Pique notes3 : Sauveur un jour mais pas sauveur toujours. Shakiro est passé à côté de son match, enrhumé par Pelle et Eder. On avait pas été aussi gêné pour lui depuis le clip ou sa douce est dans une cage avec Rafa Nadal…

Sergio Ramos  notes4 : Un peu moins mauvais que son collègue, mais pas moins dominé par le duo d’attaquants italiens. De la hargne mais mal utilisee. Un des artisans de la défaite.

Alba notes2 : Une bien piètre performance, à faire passer Evra pour le meilleur latéral gauche de l’Euro. Florenzi l’a bu, recraché, et rebu. Son flow de prof d’histoire ne joue pas non plus en sa faveur …

Juanfran notes3 : Exactement la même remarque que pour Alba. Remplacez juste Florenzi par De Sciglio et « un flow de prof d’histoire » par un « flow de punk a chien »

Cesc Fabregas notes2 :  Piètre Cesc. Bien loin de son début d’euro, le numéro 10 espagnol n’aura jamais trouvé la bonne passe. A défaut de casser des lignes, il aura cassé les cojones de ses coéquipiers..

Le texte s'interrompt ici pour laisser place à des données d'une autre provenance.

(* Let $M$ be a $3$-connected matroid, let $\mathcal{T}$ be a tangle of $M$, and let $C,D$ be disjoint subsets of $E(M)$ such that $C\cup D$ is independent in the tangle matroid $M(\mathcal{T})$ and $M/C\setminus D$ is $3$-connected. Let $G=R(M,C,D)$ and let $S\subseteq C\cup D$. Then the matroid $M/(C\setminus S)\setminus(D\setminus S)$ is $3$-connected if and only if the induced subgraph $G[S]$ has no isolated non-privileged vertices.
   Context: $\lambda_M(X) = \rank_M(X) + \rank_M(E(M)\setminus X) - \rank(M)$. A tangle of order $\theta$ of $M$ is a collection $\mathcal{T}$ of subsets of $E(M)$ such that: (i) $\lambda_M(X)<\theta$ for all $X\in\mathcal{T}$; (ii) for every $X\subseteq E(M)$ with $\lambda_M(X)<\theta$, either $X\in\mathcal{T}$ or $E(M)\setminus X\in\mathcal{T}$; (iii) if $X,Y,Z\in\mathcal{T}$ then $X\cup Y\cup Z\neq E(M)$; (iv) $E(M)\setminus\{e\}\notin\mathcal{T}$ for every $e\in E(M)$. The tangle matroid $M(\mathcal{T})$ has rank function $\rank_{\mathcal{T}}(X) = \min\{\lambda_M(Y): X\subseteq Y\in\mathcal{T}\}$ if some member of $\mathcal{T}$ contains $X$, and $\theta$ otherwise. For $M$ 3-connected and disjoint $C,D\subseteq E(M)$ with $M/C\setminus D$ 3-connected, the restoration graph $R(M,C,D)$ is the bipartite graph with vertex set $C\cup D$ and an edge $cd$ (for $c\in C$, $d\in D$) exactly when $M/(C\setminus c)\setminus(D\setminus d)$ is 3-connected. An element $e\in C\cup D$ is privileged if $M/(C\setminus e)\setminus(D\setminus e)$ is 3-connected. $G[S]$ denotes the subgraph induced on $S$. *)

theory Defs
  imports Main
begin

text \<open>A matroid is represented by a finite ground set E and a rank function r
satisfying the rank axioms (on subsets of E).\<close>

definition matroid_rank :: "'a set \<Rightarrow> ('a set \<Rightarrow> nat) \<Rightarrow> bool" where
  "matroid_rank E r \<longleftrightarrow> finite E
     \<and> (\<forall>X. X \<subseteq> E \<longrightarrow> r X \<le> card X)
     \<and> (\<forall>X Y. X \<subseteq> Y \<and> Y \<subseteq> E \<longrightarrow> r X \<le> r Y)
     \<and> (\<forall>X Y. X \<subseteq> E \<and> Y \<subseteq> E \<longrightarrow> r (X \<union> Y) + r (X \<inter> Y) \<le> r X + r Y)"
(* Suppose $a(0)\in\mathbb R^m$ and $W(0)\in\mathbb R^{m\times p}$ are chosen randomly, independently of $X$ and $\mathbf y$, such that the distribution of $\theta(0)=a(0)^\top W(0)$ is symmetric about the origin, and let $\hat\theta$ be the estimator defined in the context with this $\theta(0)$. Then $$\mathbb E_{a(0),W(0),X,\mathbf y}[\mathsf{Risk}(\hat\theta)]\ge \mathbb E[\theta^{\star\top}B\theta^\star]+\sigma^2\,\mathbb E[\mathrm{Tr}(C)],$$ where $B=(I-X^\top(XX^\top)^{-1}X)\Sigma(I-X^\top(XX^\top)^{-1}X)$ and $C=(XX^\top)^{-1}X\Sigma X^\top(XX^\top)^{-1}$.
   Context: Setting: $p>n$; data $(x_i,y_i)$ i.i.d. with test pair $(x,y)$; $X\in\mathbb R^{n\times p}$ with rows $x_i^\top$ (assumed of full row rank $n$), $\mathbf y=(y_i)$; $\theta^\star\in\arg\min_\theta\mathbb E[(y-x^\top\theta)^2]$, $\boldsymbol\epsilon=\mathbf y-X\theta^\star$; $\Sigma=\mathbb E[xx^\top]$; the noise satisfies $\mathbb E[y-x^\top\theta^\star\mid x]=0$ and $\mathbb E[(y-x^\top\theta^\star)^2\mid x]=\sigma^2$, with noise components independent across samples. $\mathsf{Risk}(\theta)=\mathbb E_{x,y}[(y-x^\top\theta)^2-(y-x^\top\theta^\star)^2]$. The estimator: $w=\theta(0)/\sqrt{\|\theta(0)\|}$ and $\hat\theta\in\arg\min_\theta\{\|\theta\|^{3/2}-w^\top\theta:\mathbf y=X\theta\}$ (the limit of gradient flow on a balanced two-layer linear network initialized at $a(0),W(0)$). *)

theory Defs
  imports "HOL-Probability.Probability"
begin

definition Risk :: "((real^'p) \<times> real) measure \<Rightarrow> real^'p \<Rightarrow> real^'p \<Rightarrow> real" where
  "Risk D \<theta>s \<theta> = (\<integral>z. (snd z - fst z \<bullet> \<theta>)\<^sup>2 - (snd z - fst z \<bullet> \<theta>s)\<^sup>2 \<partial>D)"

definition Sigma_mat :: "((real^'p) \<times> real) measure \<Rightarrow> real^'p^'p" where
  "Sigma_mat D = (\<chi> i j. \<integral>z. fst z $ i * fst z $ j \<partial>D)"

definition init_dir :: "real^'p \<Rightarrow> real^'p" where
  "init_dir \<theta>0 = (1 / sqrt (norm \<theta>0)) *\<^sub>R \<theta>0"

definition is_bias_min :: "real^'p^'n \<Rightarrow> real^'n \<Rightarrow> real^'p \<Rightarrow> real^'p \<Rightarrow> bool" where
  "is_bias_min X y w \<theta> \<longleftrightarrow> y = X *v \<theta> \<and>
     (\<forall>\<theta>'. y = X *v \<theta>' \<longrightarrow> norm \<theta> powr (3/2) - w \<bullet> \<theta> \<le> norm \<theta>' powr (3/2) - w \<bullet> \<theta>')"

definition null_proj :: "real^'p^'n \<Rightarrow> real^'p^'p" where
  "null_proj X = mat 1 - transpose X ** matrix_inv (X ** transpose X) ** X"

definition B_mat :: "real^'p^'p \<Rightarrow> real^'p^'n \<Rightarrow> real^'p^'p" where
  "B_mat \<Sigma> X = null_proj X ** \<Sigma> ** null_proj X"

definition C_mat :: "real^'p^'p \<Rightarrow> real^'p^'n \<Rightarrow> real^'n^'n" where
  "C_mat \<Sigma> X = matrix_inv (X ** transpose X) ** X ** \<Sigma> ** transpose X ** matrix_inv (X ** transpose X)"

end

theory Submission
  imports Defs
begin

text \<open>
  For a design X of full row rank the constrained problem splits along
  \<open>ker X \<oplus> range X\<^sup>T\<close>: the minimiser is \<open>X\<^sup>+y + c P w\<close>, where \<open>P\<close> projects onto \<open>ker X\<close>
  and the scalar \<open>c \<ge> 0\<close> depends only on \<open>|X\<^sup>+y|\<close> and \<open>|P w|\<close>. Since \<open>\<theta>(0)\<close> is symmetric
  and independent of the data, replacing \<open>w\<close> by \<open>-w\<close> does not change the expected risk but
  turns \<open>c P w\<close> into \<open>-c P w\<close>; averaging the two and using the parallelogram law for the
  positive semidefinite form of \<open>\<Sigma>\<close> bounds the expected risk from below by that of the
  minimum-norm interpolator \<open>X\<^sup>+y\<close>. Finally \<open>X\<^sup>+y - \<theta>\<^sup>\<star> = X\<^sup>+\<epsilon> - P \<theta>\<^sup>\<star>\<close>: conditionally on
  the design the cross term has mean zero and the quadratic term in \<open>\<epsilon>\<close> has mean
  \<open>\<sigma>\<^sup>2 Tr C\<close>. Integrability is obtained by truncating on the size of the design-dependent
  coefficients and letting the truncation level tend to infinity.
\<close>

section \<open>Measurability of matrix operations\<close>

lemma borel_measurable_vec_iff:
  fixes f :: "'a \<Rightarrow> 'b::euclidean_space^'n"
  shows "f \<in> borel_measurable M \<longleftrightarrow> (\<forall>i. (\<lambda>x. f x $ i) \<in> borel_measurable M)"
proof
  assume f: "f \<in> borel_measurable M"
  show "\<forall>i. (\<lambda>x. f x $ i) \<in> borel_measurable M"
  proof
    fix i
    have "(\<lambda>x. x $ i) \<in> borel_measurable (borel :: ('b^'n) measure)"
      by (intro borel_measurable_continuous_onI linear_continuous_on bounded_linear_vec_nth)
    from measurable_compose[OF f this] show "(\<lambda>x. f x $ i) \<in> borel_measurable M" .
  qed
next
  assume c: "\<forall>i. (\<lambda>x. f x $ i) \<in> borel_measurable M"
  have axis: "(\<lambda>x. axis i (f x $ i) :: 'b^'n) \<in> borel_measurable M" for i
  proof -
    have "(axis i :: 'b \<Rightarrow> 'b^'n) \<in> borel_measurable borel"
      unfolding axis_def
    proof (intro borel_measurable_continuous_onI continuous_on_vec_lambda)
      show "continuous_on UNIV (\<lambda>x. if j = i then x else 0 :: 'b)" for j
        by (cases "j = i") (auto simp: continuous_on_id continuous_on_const)
    qed
    from measurable_compose[OF c[rule_format] this] show ?thesis .
  qed
  have "f = (\<lambda>x. \<Sum>i\<in>UNIV. axis i (f x $ i))"
    by (auto simp: vec_eq_iff axis_def sum.delta' cong: if_cong)
  also have "\<dots> \<in> borel_measurable M"
    using axis by (intro borel_measurable_sum) auto
  finally show "f \<in> borel_measurable M" .
qed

Busquets notes2 : Il est rarement mauvais, parfois absent des débats, mais jamais transparent. Sauf ce soir. Et Antonio Conte et son milieu à trois n’y sont sans doute pas pour rien.

Iniesta notes5 : Il a tenté de mettre à mal le bloc de Conte mais tout était fermé à double tour. Il n’avait pas les clés et n’a pas su fabriquer un passe partout en 90minutes. En sortant de Saint Denis il pourra sans doute acheter un porte clé Tour Eiffel, et c’est mieux que rien.

David Silva notes1 : Romain Alessandrini n’aurait pas fait pire.

Morata notes2 :  Des fautes, des fautes, des fautes. Pas d’impact face à ses ex coéquipiers Turinois, rapidement remplacé, muselé comme un petit bulldog par les 3 turinois. Terriblement gênant pour Alvarito.

Nolito notes1 : Le sosie de Miguel Angel Munoz repart de France tel un inconnu. Ni intéressant ni intéressé il a finit au fond d’une poche italienne. Il était bien meilleur dans un dos tres quand il fallait zouker Lola.